__Work required__: Search the entries below for the word "unfolding" and copy every line where it appears.

(Stored items)
====

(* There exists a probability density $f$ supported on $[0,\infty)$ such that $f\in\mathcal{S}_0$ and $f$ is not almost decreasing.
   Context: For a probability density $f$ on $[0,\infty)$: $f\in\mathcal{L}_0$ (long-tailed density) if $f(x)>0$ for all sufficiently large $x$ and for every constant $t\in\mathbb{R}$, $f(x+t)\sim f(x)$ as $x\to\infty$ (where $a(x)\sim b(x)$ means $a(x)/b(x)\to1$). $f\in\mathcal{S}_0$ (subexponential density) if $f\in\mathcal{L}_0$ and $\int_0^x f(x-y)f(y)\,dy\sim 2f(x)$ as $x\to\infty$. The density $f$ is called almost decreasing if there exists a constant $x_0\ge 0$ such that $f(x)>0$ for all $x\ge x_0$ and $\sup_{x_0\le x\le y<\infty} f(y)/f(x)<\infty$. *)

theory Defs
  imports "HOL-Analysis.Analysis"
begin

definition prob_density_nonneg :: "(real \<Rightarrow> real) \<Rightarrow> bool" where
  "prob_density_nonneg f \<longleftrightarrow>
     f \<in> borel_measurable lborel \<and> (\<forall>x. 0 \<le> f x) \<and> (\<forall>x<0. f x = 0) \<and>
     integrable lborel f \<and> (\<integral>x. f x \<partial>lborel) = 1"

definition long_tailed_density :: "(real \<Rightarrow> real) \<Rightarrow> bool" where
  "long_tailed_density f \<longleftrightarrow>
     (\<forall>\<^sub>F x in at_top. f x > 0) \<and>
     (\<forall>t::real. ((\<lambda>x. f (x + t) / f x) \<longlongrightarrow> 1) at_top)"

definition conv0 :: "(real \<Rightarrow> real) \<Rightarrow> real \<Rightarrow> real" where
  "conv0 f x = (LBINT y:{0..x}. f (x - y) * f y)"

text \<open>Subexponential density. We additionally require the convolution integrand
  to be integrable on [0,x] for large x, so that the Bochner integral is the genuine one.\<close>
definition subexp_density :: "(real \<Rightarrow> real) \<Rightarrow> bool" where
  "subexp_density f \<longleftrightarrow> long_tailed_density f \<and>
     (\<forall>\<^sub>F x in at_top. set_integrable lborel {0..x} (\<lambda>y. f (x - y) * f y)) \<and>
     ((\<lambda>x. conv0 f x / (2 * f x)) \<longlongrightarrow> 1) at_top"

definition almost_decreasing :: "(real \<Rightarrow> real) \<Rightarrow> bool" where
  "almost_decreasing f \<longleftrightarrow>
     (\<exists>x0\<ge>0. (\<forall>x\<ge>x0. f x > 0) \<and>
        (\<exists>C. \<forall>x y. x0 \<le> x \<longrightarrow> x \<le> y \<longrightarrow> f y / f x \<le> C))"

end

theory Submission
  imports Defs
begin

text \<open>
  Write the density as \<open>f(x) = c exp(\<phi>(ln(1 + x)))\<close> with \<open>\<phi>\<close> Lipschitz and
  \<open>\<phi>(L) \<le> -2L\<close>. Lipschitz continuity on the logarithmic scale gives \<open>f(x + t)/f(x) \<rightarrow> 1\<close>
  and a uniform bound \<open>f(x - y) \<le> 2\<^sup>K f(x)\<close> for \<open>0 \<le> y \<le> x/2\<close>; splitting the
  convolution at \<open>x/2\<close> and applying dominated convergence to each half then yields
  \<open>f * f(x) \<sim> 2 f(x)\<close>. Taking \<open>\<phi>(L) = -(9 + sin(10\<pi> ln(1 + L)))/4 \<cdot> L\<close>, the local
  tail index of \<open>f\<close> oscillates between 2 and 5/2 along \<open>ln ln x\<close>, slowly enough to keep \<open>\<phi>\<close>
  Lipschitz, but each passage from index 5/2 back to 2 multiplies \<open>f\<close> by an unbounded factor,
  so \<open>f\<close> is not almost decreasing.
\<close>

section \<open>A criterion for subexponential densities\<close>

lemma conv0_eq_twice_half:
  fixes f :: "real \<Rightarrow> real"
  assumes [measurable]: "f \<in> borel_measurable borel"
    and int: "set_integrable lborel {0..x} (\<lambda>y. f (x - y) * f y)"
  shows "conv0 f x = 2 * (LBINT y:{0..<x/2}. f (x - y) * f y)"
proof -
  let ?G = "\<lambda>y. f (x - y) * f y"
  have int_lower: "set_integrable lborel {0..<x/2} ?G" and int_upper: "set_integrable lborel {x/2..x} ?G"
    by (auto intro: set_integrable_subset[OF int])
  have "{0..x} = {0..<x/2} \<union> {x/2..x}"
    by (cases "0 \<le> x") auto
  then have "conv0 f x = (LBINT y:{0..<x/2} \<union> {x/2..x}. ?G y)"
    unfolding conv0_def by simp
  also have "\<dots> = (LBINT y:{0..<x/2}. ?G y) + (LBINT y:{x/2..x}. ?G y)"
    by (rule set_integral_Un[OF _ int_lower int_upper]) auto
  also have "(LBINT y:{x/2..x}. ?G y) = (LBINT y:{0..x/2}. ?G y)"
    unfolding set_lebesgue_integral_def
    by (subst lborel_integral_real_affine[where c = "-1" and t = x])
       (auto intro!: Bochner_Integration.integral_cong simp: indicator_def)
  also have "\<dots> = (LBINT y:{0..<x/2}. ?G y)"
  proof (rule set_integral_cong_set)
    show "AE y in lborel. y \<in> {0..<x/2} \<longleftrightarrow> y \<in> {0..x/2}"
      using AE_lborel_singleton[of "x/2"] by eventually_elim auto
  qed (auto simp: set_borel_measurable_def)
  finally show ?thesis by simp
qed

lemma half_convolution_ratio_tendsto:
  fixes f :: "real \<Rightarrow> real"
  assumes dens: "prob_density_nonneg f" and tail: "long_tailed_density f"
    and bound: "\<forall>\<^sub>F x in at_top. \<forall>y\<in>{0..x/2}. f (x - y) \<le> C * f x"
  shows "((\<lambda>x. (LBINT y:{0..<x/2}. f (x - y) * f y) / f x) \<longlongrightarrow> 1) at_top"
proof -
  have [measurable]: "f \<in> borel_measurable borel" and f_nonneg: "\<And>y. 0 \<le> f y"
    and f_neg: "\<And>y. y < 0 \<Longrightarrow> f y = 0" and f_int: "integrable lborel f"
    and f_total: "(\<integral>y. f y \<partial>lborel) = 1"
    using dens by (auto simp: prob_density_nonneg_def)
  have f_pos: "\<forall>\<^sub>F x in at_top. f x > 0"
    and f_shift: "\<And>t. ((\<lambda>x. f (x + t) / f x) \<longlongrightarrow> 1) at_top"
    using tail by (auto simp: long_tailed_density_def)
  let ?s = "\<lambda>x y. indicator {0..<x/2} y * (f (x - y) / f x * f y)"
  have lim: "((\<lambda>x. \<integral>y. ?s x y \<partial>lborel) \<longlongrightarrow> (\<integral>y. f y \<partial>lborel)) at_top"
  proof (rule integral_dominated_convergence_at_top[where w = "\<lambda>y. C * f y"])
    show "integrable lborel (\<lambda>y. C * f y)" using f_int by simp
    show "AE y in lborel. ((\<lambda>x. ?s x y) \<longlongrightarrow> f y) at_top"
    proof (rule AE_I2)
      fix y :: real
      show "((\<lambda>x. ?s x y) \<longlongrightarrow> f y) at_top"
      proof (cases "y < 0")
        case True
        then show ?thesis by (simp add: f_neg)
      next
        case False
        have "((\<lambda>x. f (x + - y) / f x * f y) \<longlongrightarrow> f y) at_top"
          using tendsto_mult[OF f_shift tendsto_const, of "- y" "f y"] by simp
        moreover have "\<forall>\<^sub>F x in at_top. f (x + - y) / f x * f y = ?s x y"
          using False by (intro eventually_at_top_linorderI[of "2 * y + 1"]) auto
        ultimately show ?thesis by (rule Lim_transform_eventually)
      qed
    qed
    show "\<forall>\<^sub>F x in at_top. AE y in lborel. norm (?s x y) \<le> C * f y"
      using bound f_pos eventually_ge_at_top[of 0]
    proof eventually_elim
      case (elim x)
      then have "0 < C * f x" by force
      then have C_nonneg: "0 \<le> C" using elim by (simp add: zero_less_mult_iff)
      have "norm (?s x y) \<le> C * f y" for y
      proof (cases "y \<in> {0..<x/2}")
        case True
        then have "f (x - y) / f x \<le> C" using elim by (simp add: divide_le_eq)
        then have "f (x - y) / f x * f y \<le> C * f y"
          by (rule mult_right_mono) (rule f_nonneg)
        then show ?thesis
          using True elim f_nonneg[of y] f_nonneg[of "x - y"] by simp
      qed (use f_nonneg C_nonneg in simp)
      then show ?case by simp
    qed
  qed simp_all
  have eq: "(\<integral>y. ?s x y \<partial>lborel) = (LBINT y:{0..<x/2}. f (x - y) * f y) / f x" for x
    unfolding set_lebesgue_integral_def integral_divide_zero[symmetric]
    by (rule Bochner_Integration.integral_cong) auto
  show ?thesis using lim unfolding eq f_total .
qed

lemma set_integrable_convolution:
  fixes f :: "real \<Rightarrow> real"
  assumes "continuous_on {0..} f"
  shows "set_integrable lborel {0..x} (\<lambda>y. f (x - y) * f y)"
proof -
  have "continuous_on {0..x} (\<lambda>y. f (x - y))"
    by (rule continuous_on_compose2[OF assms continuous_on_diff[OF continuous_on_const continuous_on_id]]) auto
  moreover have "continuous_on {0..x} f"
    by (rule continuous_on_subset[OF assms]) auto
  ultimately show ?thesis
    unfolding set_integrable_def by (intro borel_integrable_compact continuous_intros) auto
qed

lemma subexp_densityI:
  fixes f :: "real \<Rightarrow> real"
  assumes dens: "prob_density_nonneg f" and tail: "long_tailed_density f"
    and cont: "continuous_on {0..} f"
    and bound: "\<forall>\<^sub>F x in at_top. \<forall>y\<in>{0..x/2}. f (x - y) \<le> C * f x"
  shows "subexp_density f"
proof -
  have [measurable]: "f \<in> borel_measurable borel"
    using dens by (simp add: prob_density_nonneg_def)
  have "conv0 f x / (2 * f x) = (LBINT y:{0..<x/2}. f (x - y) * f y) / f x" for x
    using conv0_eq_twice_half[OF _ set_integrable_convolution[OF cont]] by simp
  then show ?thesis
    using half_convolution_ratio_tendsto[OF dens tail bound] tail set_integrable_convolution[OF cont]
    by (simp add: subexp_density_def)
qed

====

__Solution for this task__:
    unfolding conv0_def by simp
    unfolding set_lebesgue_integral_def
    unfolding set_lebesgue_integral_def integral_divide_zero[symmetric]
  show ?thesis using lim unfolding eq f_total .
    unfolding set_integrable_def by (intro borel_integrable_compact continuous_intros) auto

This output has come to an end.